■ **Action item**
Quote exactly and only this range of lines in the data below: the line that holds "c s = (\<integral>x." to the line that holds "(\<forall>x\<in>space M. \<forall>i<k.", both included.
-*-
lemma maximal_flip_on_row:
  assumes fin: "finite V" "finite C" and E: "E \<subseteq> V \<times> C"
    and deg: "\<And>c. c \<in> C \<Longrightarrow> 2 \<le> card (nbrC E c)"
    and \<sigma>: "finite \<sigma>" "\<sigma> \<subseteq> {x} \<times> C" and F: "F \<in> small_sets V C E"
    and max: "score V C E \<sigma> F = Max (score V C E \<sigma> ` small_sets V C E)"
    and pos: "0 < score V C E \<sigma> F"
  shows "F \<subseteq> Inl ` ({x} \<times> V)"
proof (rule ccontr)
  assume off_line: "\<not> F \<subseteq> Inl ` ({x} \<times> V)"
  obtain c v A B where c: "c \<in> C" and v: "v \<in> V" and AB: "A \<subseteq> nbrC E c" "B \<subseteq> nbrV E v"
    and F_eq: "F = Inl ` (A \<times> {v}) \<union> Inr ` ({c} \<times> B)"
    using F by (rule small_setsE)
  define S where "S = symdiff (A \<times> nbrV E v) (nbrC E c \<times> B)"
  have score: "score V C E \<sigma> F = of_int (gain \<sigma> S) / (card A + card B)"
    unfolding F_eq S_def using score_small_set[OF fin E \<sigma>(1) AB] .
  have "0 < gain \<sigma> S"
    using pos unfolding score by (simp add: zero_less_divide_iff)
  moreover have "\<not> (A \<subseteq> {x} \<and> B = {})"
    using off_line v unfolding F_eq by auto
  moreover have "\<sigma> \<subseteq> {x} \<times> UNIV"
    using \<sigma>(2) by auto
  ultimately have x: "x \<in> nbrC E c" and le: "gain \<sigma> S \<le> gain \<sigma> ({x} \<times> nbrV E v)"
    and two: "2 \<le> card A + card B"
    using gain_on_row_le_line[OF finite_nbrV[OF fin(2) E] finite_nbrC[OF fin(1) E] AB deg[OF c]]
    unfolding S_def by blast+
  have single: "{x} \<subseteq> nbrC E c" "{} \<subseteq> nbrV E v"
    using x by auto
  have "score V C E \<sigma> F < of_int (gain \<sigma> ({x} \<times> nbrV E v))"
    using pos le two unfolding score by (intro divide_lt_of_two_le) auto
  also have "\<dots> = score V C E \<sigma> (Inl ` ({x} \<times> {v}) \<union> Inr ` ({c} \<times> {}))"
    using score_small_set[OF fin E \<sigma>(1) single] by (simp add: symdiff_def)
  finally show False
    using score_lt_not_max[OF fin E small_setsI[OF c v single]] max by blast
qed

lemma maximal_flip_on_column:
  assumes fin: "finite V" "finite C" and E: "E \<subseteq> V \<times> C"
    and deg: "\<And>v. v \<in> V \<Longrightarrow> 2 \<le> card (nbrV E v)"
    and \<sigma>: "finite \<sigma>" "\<sigma> \<subseteq> V \<times> {y}" and F: "F \<in> small_sets V C E"
    and max: "score V C E \<sigma> F = Max (score V C E \<sigma> ` small_sets V C E)"
    and pos: "0 < score V C E \<sigma> F"
  shows "F \<subseteq> Inr ` (C \<times> {y})"
proof (rule ccontr)
  assume off_line: "\<not> F \<subseteq> Inr ` (C \<times> {y})"
  obtain c v A B where c: "c \<in> C" and v: "v \<in> V" and AB: "A \<subseteq> nbrC E c" "B \<subseteq> nbrV E v"
    and F_eq: "F = Inl ` (A \<times> {v}) \<union> Inr ` ({c} \<times> B)"
    using F by (rule small_setsE)
  define S where "S = symdiff (A \<times> nbrV E v) (nbrC E c \<times> B)"
  have score: "score V C E \<sigma> F = of_int (gain \<sigma> S) / (card A + card B)"
    unfolding F_eq S_def using score_small_set[OF fin E \<sigma>(1) AB] .
  have "0 < gain \<sigma> S"
    using pos unfolding score by (simp add: zero_less_divide_iff)
  moreover have "\<not> (B \<subseteq> {y} \<and> A = {})"
    using off_line c unfolding F_eq by auto
  moreover have "\<sigma> \<subseteq> UNIV \<times> {y}"
    using \<sigma>(2) by auto
  ultimately have y: "y \<in> nbrV E v" and le: "gain \<sigma> S \<le> gain \<sigma> (nbrC E c \<times> {y})"
    and two: "2 \<le> card A + card B"
    using gain_on_column_le_line[OF finite_nbrV[OF fin(2) E] finite_nbrC[OF fin(1) E] AB deg[OF v]]
    unfolding S_def by blast+
  have single: "{} \<subseteq> nbrC E c" "{y} \<subseteq> nbrV E v"
    using y by auto
  have "score V C E \<sigma> F < of_int (gain \<sigma> (nbrC E c \<times> {y}))"
    using pos le two unfolding score by (intro divide_lt_of_two_le) auto
  also have "\<dots> = score V C E \<sigma> (Inl ` ({} \<times> {v}) \<union> Inr ` ({c} \<times> {y}))"
    using score_small_set[OF fin E \<sigma>(1) single] by (simp add: symdiff_def)
  finally show False
    using score_lt_not_max[OF fin E small_setsI[OF c v single]] max by blast
qed

theorem lemma1:
  fixes V :: "'v set" and C :: "'c set" and E :: "('v \<times> 'c) set"
    and dV dC :: nat and \<sigma> :: "('v \<times> 'c) set"
  assumes "biregular_bip V C E dV dC"
    and "connected_bip V C E"
    and "dV \<ge> 2" and "dC \<ge> 2"
    and "\<exists>Err. Err \<subseteq> qubits V C \<and> \<sigma> = syndrome V C E Err"
    and "\<sigma> \<noteq> {}"
  shows "(\<forall>v1 \<in> V. \<sigma> \<subseteq> {v1} \<times> C \<longrightarrow>
            (\<forall>F \<in> small_sets V C E.
               score V C E \<sigma> F = Max (score V C E \<sigma> ` small_sets V C E) \<and> score V C E \<sigma> F > 0
               \<longrightarrow> F \<subseteq> Inl ` ({v1} \<times> V)))
       \<and> (\<forall>c2 \<in> C. \<sigma> \<subseteq> V \<times> {c2} \<longrightarrow>
            (\<forall>F \<in> small_sets V C E.
               score V C E \<sigma> F = Max (score V C E \<sigma> ` small_sets V C E) \<and> score V C E \<sigma> F > 0
               \<longrightarrow> F \<subseteq> Inr ` (C \<times> {c2})))"
proof -
  have fin: "finite V" "finite C" and E: "E \<subseteq> V \<times> C"
    and deg: "\<And>v. v \<in> V \<Longrightarrow> 2 \<le> card (nbrV E v)" "\<And>c. c \<in> C \<Longrightarrow> 2 \<le> card (nbrC E c)"
    using assms(1,3,4) unfolding biregular_bip_def by auto
  have "\<sigma> \<subseteq> V \<times> C"
    using assms(5) unfolding syndrome_def by auto
  then have "finite \<sigma>"
    using fin finite_subset by blast
  show ?thesis
  proof (intro conjI ballI impI; elim conjE)
    show "F \<subseteq> Inl ` ({v1} \<times> V)"
      if "\<sigma> \<subseteq> {v1} \<times> C" "F \<in> small_sets V C E"
        "score V C E \<sigma> F = Max (score V C E \<sigma> ` small_sets V C E)" "0 < score V C E \<sigma> F"
      for v1 F
      using maximal_flip_on_row[OF fin E deg(2) \<open>finite \<sigma>\<close> that] .
    show "F \<subseteq> Inr ` (C \<times> {c2})"
      if "\<sigma> \<subseteq> V \<times> {c2}" "F \<in> small_sets V C E"
        "score V C E \<sigma> F = Max (score V C E \<sigma> ` small_sets V C E)" "0 < score V C E \<sigma> F"
      for c2 F
      using maximal_flip_on_column[OF fin E deg(1) \<open>finite \<sigma>\<close> that] .
  qed
qed

end
(* For every integer $k \geq 3$ and every $\varepsilon > 0$ there exist $\gamma_0 > 0$ and $\rho > 0$ such that for all $0 < \mu \leq \gamma \leq \gamma_0$ there exists $n_0$ such that for all $n \geq n_0$ the following holds. Let $H$ be an $n$-vertex $k$-graph with $\delta_{k-1}(H) \geq (1/3 + \varepsilon) n$, and let $G$ be its $\gamma$-diamond graph. Suppose $G$ has a $\mu$-separation $\{A, B\}$. Then $H$ contains at least $\rho n^{k+2}$ distinct proto-balancers (with respect to the partition $\{A,B\}$).
   Context: $\delta_{k-1}(H)$ is the minimum over $(k-1)$-subsets of $V(H)$ of the number of edges containing it. For $x,y \in V(H)$, an $(x,y)$-diamond is a pair of edges $e,f$ of $H$ with $|e\cap f| = k-1$, $x \in e \setminus f$, $y \in f\setminus e$. The $\gamma$-diamond graph $G$ of $H$ has vertex set $V(H)$ and $xy \in E(G)$ iff $H$ has at least $\gamma\binom{n}{k-1}$ distinct $(x,y)$-diamonds. A partition $\{A,B\}$ of $V(G)$ into nonempty parts is a $\mu$-separation if $G$ has fewer than $\mu|A||B|$ edges between $A$ and $B$. An $(A,B)$-proto-balancer in $H$ is given by a $(k-3)$-set $S$ and three $3$-sets $X_1,X_2,X_3 \subseteq V(H)\setminus S$ with: $S \cup X_i \in E(H)$ for $i \in [3]$; $|X_1\cap A| = |X_2 \cap A| = |X_1\cap X_2| = |X_1\cap X_2\cap A| = 2$; $|X_3\cap A| = 0$; $|X_1\cap X_3| = |X_2\cap X_3| = 1$ (it is the subgraph with edges $S\cup X_1,S\cup X_2,S\cup X_3$, on $k+2$ vertices). A $(B,A)$-proto-balancer is the same with $A$ and $B$ exchanged; a proto-balancer is either of these. *)

theory Defs
  imports Complex_Main
begin

definition kgraph :: "nat \<Rightarrow> 'a set \<Rightarrow> 'a set set \<Rightarrow> bool" where
  "kgraph k V E \<longleftrightarrow> finite V \<and> (\<forall>e\<in>E. e \<subseteq> V \<and> card e = k)"

definition min_codegree :: "nat \<Rightarrow> 'a set \<Rightarrow> 'a set set \<Rightarrow> nat" where
  "min_codegree k V E = Min {card {e\<in>E. S \<subseteq> e} | S. S \<subseteq> V \<and> card S = k - 1}"

definition diamonds :: "nat \<Rightarrow> 'a set set \<Rightarrow> 'a \<Rightarrow> 'a \<Rightarrow> ('a set \<times> 'a set) set" where
  "diamonds k E x y = {(e, f). e \<in> E \<and> f \<in> E \<and> card (e \<inter> f) = k - 1 \<and> x \<in> e - f \<and> y \<in> f - e}"

definition diamond_adj :: "nat \<Rightarrow> real \<Rightarrow> 'a set \<Rightarrow> 'a set set \<Rightarrow> 'a \<Rightarrow> 'a \<Rightarrow> bool" where
  "diamond_adj k \<gamma> V E x y \<longleftrightarrow> x \<in> V \<and> y \<in> V \<and> x \<noteq> y \<and>
     real (card (diamonds k E x y)) \<ge> \<gamma> * real (card V choose (k - 1))"

definition mu_separation :: "nat \<Rightarrow> real \<Rightarrow> real \<Rightarrow> 'a set \<Rightarrow> 'a set set \<Rightarrow> 'a set \<Rightarrow> 'a set \<Rightarrow> bool" where
  "mu_separation k \<gamma> \<mu> V E A B \<longleftrightarrow>
     A \<noteq> {} \<and> B \<noteq> {} \<and> A \<inter> B = {} \<and> A \<union> B = V \<and>
     real (card {(a, b). a \<in> A \<and> b \<in> B \<and> diamond_adj k \<gamma> V E a b})
       < \<mu> * real (card A) * real (card B)"

definition is_proto_balancer ::
  "nat \<Rightarrow> 'a set \<Rightarrow> 'a set set \<Rightarrow> 'a set \<Rightarrow> 'a set \<Rightarrow> 'a set \<Rightarrow> 'a set \<Rightarrow> 'a set \<Rightarrow> bool" where
  "is_proto_balancer k V E A S X1 X2 X3 \<longleftrightarrow>
     S \<subseteq> V \<and> card S = k - 3 \<and>
     X1 \<subseteq> V - S \<and> X2 \<subseteq> V - S \<and> X3 \<subseteq> V - S \<and>
     card X1 = 3 \<and> card X2 = 3 \<and> card X3 = 3 \<and>
     S \<union> X1 \<in> E \<and> S \<union> X2 \<in> E \<and> S \<union> X3 \<in> E \<and>
     card (X1 \<inter> A) = 2 \<and> card (X2 \<inter> A) = 2 \<and> card (X1 \<inter> X2) = 2 \<and> card (X1 \<inter> X2 \<inter> A) = 2 \<and>
     card (X3 \<inter> A) = 0 \<and> card (X1 \<inter> X3) = 1 \<and> card (X2 \<inter> X3) = 1"

definition proto_balancers :: "nat \<Rightarrow> 'a set \<Rightarrow> 'a set set \<Rightarrow> 'a set \<Rightarrow> 'a set set set" where
  "proto_balancers k V E A =
     {{S \<union> X1, S \<union> X2, S \<union> X3} | S X1 X2 X3. is_proto_balancer k V E A S X1 X2 X3}"

end

theory Submission
  imports Defs "HOL-Library.Ramsey"
begin

(*
  Write n for the number of vertices and delta for the minimum codegree. A (k-1)-set T with
  neighbours u in A and w in B yields the (u,w)-diamond (T + u, T + w). Since few pairs of A x B
  are adjacent in the diamond graph, there are only O(gamma n^(k+1)) such cross neighbours, and as
  delta > n/3 this forces both parts to have more than n/6 vertices.

  The proto-balancers come from configurations (S, a, b, c, x, y, z, v): S is a (k-3)-set, a in A,
  b in B, c is a neighbour of S + a + b, d is the one of a, b on the side of c, x and y are distinct
  neighbours of S + d + c, z is a neighbour of S + x + y, and v lies in two of the neighbourhoods of
  S + x + d, S + x + y, S + x + z (there are at least (3 delta - n)/2 such v). There are
  Omega(eps n^(k+4)) configurations. If x, y, z all lie on the side opposite to c, the edges
  S + d + c + x, S + d + c + y, S + x + y + z form a proto-balancer, and each proto-balancer arises
  from O(n^2) configurations. Otherwise some (k-1)-set of the configuration has neighbours on both
  sides, so the configuration is a rearrangement of such a cross neighbour and three more vertices,
  and there are only O(gamma n^(k+4)) of those. For gamma small compared with eps this leaves
  Omega(n^(k+2)) proto-balancers.
*)

lemma card_le_mult_card_image:
  assumes "finite X" and "\<And>y. y \<in> f ` X \<Longrightarrow> card {x \<in> X. f x = y} \<le> K"
  shows "card X \<le> K * card (f ` X)"
proof -
  have "card X = card (\<Union>y\<in>f ` X. {x \<in> X. f x = y})"
    by (rule arg_cong[where f = card]) auto
  also have "\<dots> = (\<Sum>y\<in>f ` X. card {x \<in> X. f x = y})"
    by (rule card_UN_disjoint) (use assms(1) in auto)
  also have "\<dots> \<le> (\<Sum>y\<in>f ` X. K)"
    by (rule sum_mono) (rule assms(2))
  finally show ?thesis by (simp add: mult.commute)
qed

lemma card_Sigma_ge:
  assumes "finite X" and "\<And>x. x \<in> X \<Longrightarrow> finite (Y x)"
    and "r0 \<le> real (card X)" and "\<And>x. x \<in> X \<Longrightarrow> r \<le> real (card (Y x))"
    and "0 \<le> r0" and "0 \<le> r"
  shows "r0 * r \<le> real (card (Sigma X Y))"
proof -
  have "r0 * r \<le> real (card X) * r"
    using assms(3,6) by (rule mult_right_mono)
  also have "\<dots> = (\<Sum>x\<in>X. r)" by simp
  also have "\<dots> \<le> (\<Sum>x\<in>X. real (card (Y x)))"
    by (rule sum_mono) (rule assms(4))
  also have "\<dots> = real (card (Sigma X Y))"
    using assms(1,2) by simp
  finally show ?thesis .
qed

definition covered_twice :: "'a set \<Rightarrow> 'a set \<Rightarrow> 'a set \<Rightarrow> 'a set" where
  "covered_twice X Y Z = X \<inter> Y \<union> X \<inter> Z \<union> Y \<inter> Z"

lemma card_covered_twice_ge:
  assumes "finite U" and "X \<subseteq> U" "Y \<subseteq> U" "Z \<subseteq> U"
  shows "card X + card Y + card Z \<le> card U + 2 * card (covered_twice X Y Z)"
proof -
  have fin: "finite X" "finite Y" "finite Z"
    using assms by (meson finite_subset)+
  have "finite (covered_twice X Y Z)"
    unfolding covered_twice_def using fin by simp
  then have "card (X \<inter> Y) \<le> card (covered_twice X Y Z)"
    and "card ((X \<union> Y) \<inter> Z) \<le> card (covered_twice X Y Z)"
    by (auto simp: covered_twice_def intro!: card_mono)
  moreover have "card (X \<union> Y \<union> Z) \<le> card U"
    using assms by (intro card_mono) auto
  moreover have "card X + card Y = card (X \<union> Y) + card (X \<inter> Y)"
    and "card (X \<union> Y) + card Z = card (X \<union> Y \<union> Z) + card ((X \<union> Y) \<inter> Z)"
    using fin by (simp_all add: card_Un_Int[symmetric])
  ultimately show ?thesis by linarith
qed

lemma binomial_add2_le: "n choose (j + 2) \<le> n ^ 2 * (n choose j)"
proof -
  have Suc_le: "n choose Suc i \<le> n * (n choose i)" for i
  proof -
    have "n choose Suc i \<le> Suc i * (n choose Suc i)"
      by simp
    also have "\<dots> = n * ((n - 1) choose i)"
      by (rule binomial_absorption)
    also have "\<dots> \<le> n * (n choose i)"
      by (simp add: binomial_right_mono)
    finally show ?thesis .
  qed
  have "n choose (j + 2) \<le> n * (n choose Suc j)"
    using Suc_le[of "Suc j"] by simp
  also have "\<dots> \<le> n * (n * (n choose j))"
    using Suc_le[of j] by simp
  finally show ?thesis
    by (simp add: power2_eq_square)
qed

section \<open>Neighbourhoods and diamonds\<close>

lemma kgraph_finite: "kgraph k V E \<Longrightarrow> finite V"
  unfolding kgraph_def by simp

definition nbhd :: "'a set \<Rightarrow> 'a set set \<Rightarrow> 'a set \<Rightarrow> 'a set" where
  "nbhd V E T = {v \<in> V - T. insert v T \<in> E}"
(* Define $\varphi_0:[-\pi,\pi]\to\mathbb{R}$ by $\varphi_0(x)=1+\left(1+\frac1\pi\right)x$ for $-\pi\le x<0$ and $\varphi_0(x)=1+\left(1-\frac1\pi\right)x$ for $0\le x\le\pi$, extend it to $\varphi:\mathbb{R}\to\mathbb{R}$ by $\varphi(x+2k\pi)=\varphi_0(x)+2k\pi$ for $x\in[-\pi,\pi]$, $k\in\mathbb{Z}$, and set $F(e^{ix})=e^{i\varphi(x)}$. Then: (A1) $t\mapsto F(e^{it})$ is absolutely continuous and $\dot F\in L^\infty(0,2\pi)$, where $\dot F(e^{it})=\frac{d}{dt}F(e^{it})$; (A2) $w=P[F]$ is a harmonic mapping of $\mathbb{D}$ into $\mathbb{D}$ which is not quasiregular; (A3) $w_z\notin L^\infty(\mathbb{D})$.
   Context: $\mathbb{D}$ is the open unit disk. $P[F](re^{i\theta})=\int_0^{2\pi}P_r(t-\theta)F(e^{it})\,dt$ with $P_r(t-\theta)=\frac{1}{2\pi}\frac{1-r^2}{1-2r\cos(t-\theta)+r^2}$. $w_z=\frac12(w_x-iw_y)$, $w_{\bar z}=\frac12(w_x+iw_y)$. A harmonic mapping $w$ of $\mathbb{D}$ is quasiregular if there is a constant $K\ge1$ with $(|w_z|+|w_{\bar z}|)^2\le K(|w_z|^2-|w_{\bar z}|^2)$ in $\mathbb{D}$. $L^\infty(\mathbb{D})$ is the space of essentially bounded functions on $\mathbb{D}$. *)

theory Defs
  imports "HOL-Analysis.Analysis"
begin

definition phi0 :: "real \<Rightarrow> real" where
  "phi0 x = (if x < 0 then 1 + (1 + 1/pi) * x else 1 + (1 - 1/pi) * x)"

definition phi :: "real \<Rightarrow> real" where
  "phi x = (let k = real_of_int \<lfloor>(x + pi) / (2*pi)\<rfloor> in phi0 (x - 2*k*pi) + 2*k*pi)"

definition Fb :: "complex \<Rightarrow> complex" where
  "Fb z = exp (\<i> * complex_of_real (phi (Arg z)))"

definition poisson_kernel :: "real \<Rightarrow> real \<Rightarrow> real" where
  "poisson_kernel r s = (1 / (2*pi)) * ((1 - r^2) / (1 - 2*r*cos s + r^2))"
(* Let $\mathcal{X}$ be a probability distribution over a set of queries (the set is also denoted $\mathcal{X}$), let $k \geq 1$, and let $\hat q_1,\dots,\hat q_k,\hat c_1,\dots,\hat c_k : \mathcal{X} \to \mathbb{R}$ be integrable functions (quality and cost estimates of $k$ models). Let $B \in \mathbb{R}$ and assume there is at least one routing strategy $s$ with $C(s) \leqslant B$. Assume moreover that the set $\Lambda$ is finite. Then: (i) if some routing strategy $s \in S_0$ satisfies $C(s) \leqslant B$, then $s$ maximizes $Q$ over all routing strategies $s'$ with $C(s') \leqslant B$; (ii) otherwise, there exists $\lambda^* \in \mathbb{R}^+$ such that $S_{\lambda^*}$ contains a routing strategy with cost exactly $B$, and every routing strategy $s \in \bigcup_{\lambda \in \mathbb{R}^+} S_\lambda$ with $C(s) = B$ maximizes $Q$ over all routing strategies $s'$ with $C(s') \leqslant B$ (in particular all such strategies achieve the same optimal quality).
   Context: A routing strategy is a measurable function $s : \mathcal{X} \to \mathbb{R}^k$ with $s_i(x) \geq 0$ for all $i$ and $\sum_{i=1}^k s_i(x) = 1$ for all $x \in \mathcal{X}$ ($s_i(x)$ is the probability of sending query $x$ to model $i$). Its expected quality is $Q(s) = \mathbb{E}_{x \sim \mathcal{X}}\left[\sum_{i=1}^k s_i(x)\hat q_i(x)\right]$ and its expected cost is $C(s) = \mathbb{E}_{x \sim \mathcal{X}}\left[\sum_{i=1}^k s_i(x)\hat c_i(x)\right]$. For $\lambda \in \mathbb{R}^+$ (nonnegative reals), $S_\lambda$ denotes the set of routing strategies $s$ such that for all $x \in \mathcal{X}$ and all $i \in \{1,\dots,k\}$: if $\hat q_i(x) - \lambda \hat c_i(x) < \max_j \left(\hat q_j(x) - \lambda \hat c_j(x)\right)$ then $s_i(x) = 0$. $\Lambda$ denotes the set of $\lambda \in \mathbb{R}$ for which there exist $x \in \mathcal{X}$ and $i \neq j$ with $\hat q_i(x) - \lambda \hat c_i(x) = \hat q_j(x) - \lambda \hat c_j(x)$. *)

theory Defs
  imports "HOL-Probability.Probability"
begin

text \<open>Models are indexed by 0..<k. A routing strategy is given componentwise:
  s i x is the probability of sending query x to model i.\<close>

definition routing :: "'a measure \<Rightarrow> nat \<Rightarrow> (nat \<Rightarrow> 'a \<Rightarrow> real) \<Rightarrow> bool" where
  "routing M k s \<longleftrightarrow> (\<forall>i<k. s i \<in> borel_measurable M) \<and>
     (\<forall>x\<in>space M. (\<forall>i<k. 0 \<le> s i x) \<and> (\<Sum>i<k. s i x) = 1)"

definition expQ :: "'a measure \<Rightarrow> nat \<Rightarrow> (nat \<Rightarrow> 'a \<Rightarrow> real) \<Rightarrow> (nat \<Rightarrow> 'a \<Rightarrow> real) \<Rightarrow> real" where
  "expQ M k q s = (\<integral>x. (\<Sum>i<k. s i x * q i x) \<partial>M)"

definition expC :: "'a measure \<Rightarrow> nat \<Rightarrow> (nat \<Rightarrow> 'a \<Rightarrow> real) \<Rightarrow> (nat \<Rightarrow> 'a \<Rightarrow> real) \<Rightarrow> real" where
  "expC M k c s = (\<integral>x. (\<Sum>i<k. s i x * c i x) \<partial>M)"

definition S_lam :: "'a measure \<Rightarrow> nat \<Rightarrow> (nat \<Rightarrow> 'a \<Rightarrow> real) \<Rightarrow> (nat \<Rightarrow> 'a \<Rightarrow> real)
    \<Rightarrow> real \<Rightarrow> (nat \<Rightarrow> 'a \<Rightarrow> real) set" where
  "S_lam M k q c l = {s. routing M k s \<and>
     (\<forall>x\<in>space M. \<forall>i<k. q i x - l * c i x < Max ((\<lambda>j. q j x - l * c j x) ` {..<k}) \<longrightarrow> s i x = 0)}"

definition Lam :: "'a measure \<Rightarrow> nat \<Rightarrow> (nat \<Rightarrow> 'a \<Rightarrow> real) \<Rightarrow> (nat \<Rightarrow> 'a \<Rightarrow> real) \<Rightarrow> real set" where
  "Lam M k q c = {l. \<exists>x\<in>space M. \<exists>i<k. \<exists>j<k. i \<noteq> j \<and> q i x - l * c i x = q j x - l * c j x}"

end

theory Submission
  imports Defs
begin
lemma fact_square_dvd_card_disjoint_profiles:
  assumes "0 < n"
  shows "(fact n)\<^sup>2 dvd card {P \<in> profiles n. disjoint_profile n P}"
proof (rule card_dvd_if_uniform_orbits[where orbit = "relabel_orbit n"])
  let ?D = "{P \<in> profiles n. disjoint_profile n P}"
  let ?perms = "{s. s permutes {0..<n}}"
  show "finite ?D"
    using finite_profiles by simp
  show "P \<in> relabel_orbit n P" if "P \<in> ?D" for P
    using relabel_id that unfolding relabel_orbit_def
    by (intro image_eqI[where x = "(id, id)"]) (simp_all add: permutes_id)
  show "relabel_orbit n P \<subseteq> ?D" if "P \<in> ?D" for P
    unfolding relabel_orbit_def
  proof (rule image_subsetI)
    fix st assume "st \<in> ?perms \<times> ?perms"
    with that show "(\<lambda>(s, t). relabel n s t P) st \<in> ?D"
      by (cases st) (simp add: relabel_in_profiles disjoint_profile_relabel)
  qed
  show "card (relabel_orbit n P) = (fact n)\<^sup>2" if "P \<in> ?D" for P
  proof -
    have "card (relabel_orbit n P) = card (?perms \<times> ?perms)"
      unfolding relabel_orbit_def using inj_on_relabel assms that by (simp add: card_image)
    also have "\<dots> = (fact n)\<^sup>2"
      by (simp add: card_cartesian_product card_permutations power2_eq_square)
    finally show ?thesis .
  qed
  show "relabel_orbit n Q = relabel_orbit n P" if "P \<in> ?D" "Q \<in> relabel_orbit n P" for P Q
    using that relabel_orbit_eq by blast
qed

theorem mainTheorem1:
  fixes n :: nat
  assumes "n \<ge> 1"
  shows "card {P \<in> profiles n. disjoint_profile n P} \<le> fact (n^2)
       \<and> (fact n)^2 dvd card {P \<in> profiles n. disjoint_profile n P}"
  using card_disjoint_profiles_le fact_square_dvd_card_disjoint_profiles assms by simp

end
-*-
■ **Reply to the exercise**
  "expC M k c s = (\<integral>x. (\<Sum>i<k. s i x * c i x) \<partial>M)"

definition S_lam :: "'a measure \<Rightarrow> nat \<Rightarrow> (nat \<Rightarrow> 'a \<Rightarrow> real) \<Rightarrow> (nat \<Rightarrow> 'a \<Rightarrow> real)
    \<Rightarrow> real \<Rightarrow> (nat \<Rightarrow> 'a \<Rightarrow> real) set" where
  "S_lam M k q c l = {s. routing M k s \<and>
     (\<forall>x\<in>space M. \<forall>i<k. q i x - l * c i x < Max ((\<lambda>j. q j x - l * c j x) ` {..<k}) \<longrightarrow> s i x = 0)}"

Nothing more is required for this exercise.